I've been experimenting with rmlint lately, with an eye toward automation. So far things are looking promising, but I have to spend some more time with it. Check it out if you're looking to do things in an automated way.
I find rmlint pretty powerful.
Especially because you can flag original directories, which can be very convenient if you have a master copy/multiple drives.
Check or this page and especially this example:
https://rmlint.readthedocs.io/en/latest/tutorial.html#flagging-original-directories
I don't have a bunch of time atm, christmas, but I just wanted to link you to rmlint
I used this to find duplicates over 60TB, rmlint itself did not delete/modify anything it just output to a bash script/json, that I then scripted around to fit my needs.

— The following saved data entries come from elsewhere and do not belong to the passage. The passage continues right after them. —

(* Let $q\ge2$ be an integer and $d$ an even positive integer. Then the network $\mathcal{N}_1$ (with parameter $q$) has a $d$-dimensional VLNC solution over every finite field.
   Context: Vector linear network coding: each source $v$ generates $x_v\in F^d$; an edge out of a source $v$ carries $Ax_v$ for a $d\times d$ matrix $A$ over $F$; an edge out of an intermediate node carries $\sum A_{e',e}y_{e'}$ over the edges $e'$ entering that node; a terminal computes vectors $\sum B_ey_e$ over its incoming edges; a $d$-dimensional VLNC solution over $F$ is such a code with which every terminal computes each demanded message for all message choices. The Char-$q$-$s$ network (integer $q\ge2$): sources $s,x_1,\dots,x_{q+2}$; intermediate nodes $m_1,\dots,m_{q+3},n_1,\dots,n_{q+3}$; terminals $r_1,\dots,r_{q+3}$; edges: $(x_1,m_i)$ for $1\le i\le q+1$; $(s,m_1)$ and $(s,m_i)$ for $4\le i\le q+3$; $(x_i,m_j)$ for $2\le i,j\le q+2$, $i\ne j$; $(x_i,m_{q+3})$ for $1\le i\le q+2$; $e_i=(m_i,n_i)$ for $1\le i\le q+3$; $(n_i,r_i)$ for $1\le i\le q+2$; $(n_{q+3},r_i)$ and $(n_i,r_{q+3})$ for $1\le i\le q+2$; $(x_i,r_1)$ for $2\le i\le q+1$; $(x_1,r_{q+2})$; $(s,r_2)$; $(s,r_3)$. Demands: $r_1$ demands $x_{q+2}$; $r_i$ demands $x_i$ for $2\le i\le q+2$; $r_{q+3}$ demands $x_1$; no terminal demands $s$. The M-network: sources $a,b,x,y$; intermediate nodes $u_1,u_2,v_1,v_2,v_3$; terminals $t_1,\dots,t_4$; edges $(a,u_1),(b,u_1),(x,u_2),(y,u_2),(u_1,v_1),(u_1,v_3),(u_2,v_2),(u_2,v_3)$ and $(v_i,t_j)$ for $i=1,2,3$, $j=1,\dots,4$; demands: $t_1$ demands $a,x$; $t_2$ demands $a,y$; $t_3$ demands $b,x$; $t_4$ demands $b,y$. The network $\mathcal{N}_1$ is obtained from the disjoint union of the M-network and the Char-$q$-$s$ network by identifying source $x_1$ with $a$ and source $s$ with $y$ (so $a$ gets all edges out of $x_1$ and $y$ gets all edges out of $s$; terminal $r_{q+3}$ now demands $a$), and adding one new edge $(n_1,t_4)$. All other demands are unchanged. *)

theory Defs
  imports Main
begin

text \<open>Vectors in F^d are represented as functions nat => F (only indices < d matter),
  d x d matrices as functions nat => nat => F (only indices < d matter).\<close>

definition mv :: "nat \<Rightarrow> (nat \<Rightarrow> nat \<Rightarrow> 'a::comm_ring_1) \<Rightarrow> (nat \<Rightarrow> 'a) \<Rightarrow> (nat \<Rightarrow> 'a)" where
  "mv d M v = (\<lambda>i. \<Sum>j<d. M i j * v j)"

record 'n network =
  srcs :: "'n set"
  edges :: "('n \<times> 'n) set"
  dem :: "'n \<Rightarrow> 'n set"

definition in_edges :: "'n network \<Rightarrow> 'n \<Rightarrow> ('n \<times> 'n) set" where
  "in_edges N u = {e \<in> edges N. snd e = u}"

definition edge_eqs ::
  "'n network \<Rightarrow> nat \<Rightarrow> ('n \<times> 'n \<Rightarrow> nat \<Rightarrow> nat \<Rightarrow> 'a::comm_ring_1)
   \<Rightarrow> ('n \<times> 'n \<Rightarrow> 'n \<times> 'n \<Rightarrow> nat \<Rightarrow> nat \<Rightarrow> 'a)
   \<Rightarrow> ('n \<Rightarrow> nat \<Rightarrow> 'a) \<Rightarrow> ('n \<times> 'n \<Rightarrow> nat \<Rightarrow> 'a) \<Rightarrow> bool" where
  "edge_eqs N d A K x y \<longleftrightarrow>
     (\<forall>e\<in>edges N. y e =
        (if fst e \<in> srcs N then mv d (A e) (x (fst e))
         else (\<lambda>i. \<Sum>e'\<in>in_edges N (fst e). mv d (K e' e) (y e') i)))"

Could be useful. Feel free to PM me if you need help writing something, for some reason I like doing stuff like this.
You've reminded me this is something I wanted to figure out again. I'm trying using rmlint on my Solus Linux desktop to search for dupes on a shared folder that's mounted over SMB.
I just removed 10tb of dupes last weekend. Well I replaced them with hardlinks. I used rmlint
https://github.com/sahib/rmlint https://rmlint.readthedocs.io/en/latest/tutorial.html
rmlint wont remove anything but it will tell you whats duplicate and you can run it with a crazy amount of options to get what you need. Or just tear apart its output to get what you need.
I had rmlint output to a bash (.sh) script which included hardlinking. After sitting with that file for like 2 days randomly throwing regex searches at it trying to find if it caught something it shouldn't have I ran it and it did exactly what I wanted.
It also outputs a json file you could query to get what you want. First time using it and it was gud.
It's here, it can do (in order starting with what would be best for most users if the filesystem/kernel can do it): clone, reflink, hardlink, symlink.
So I am unsure due to what I suspect are mistypes but it seems like you are trying to insult me? Saying I have not written 5 lines of code? Not sure but it sounds like you are angry. I am not sure why my previous post got you upset but I apologize if it did.
Looking at rmlints docs here. https://rmlint.readthedocs.io/en/latest/ I don't see an option for it to replace duplicate files with symlinks to the original. I could easily be missing it because I only skimmed this page. This was a requirement from OP.
IIRC, the order in which you specify the directories to search defines which file is the “original” and which gets deleted.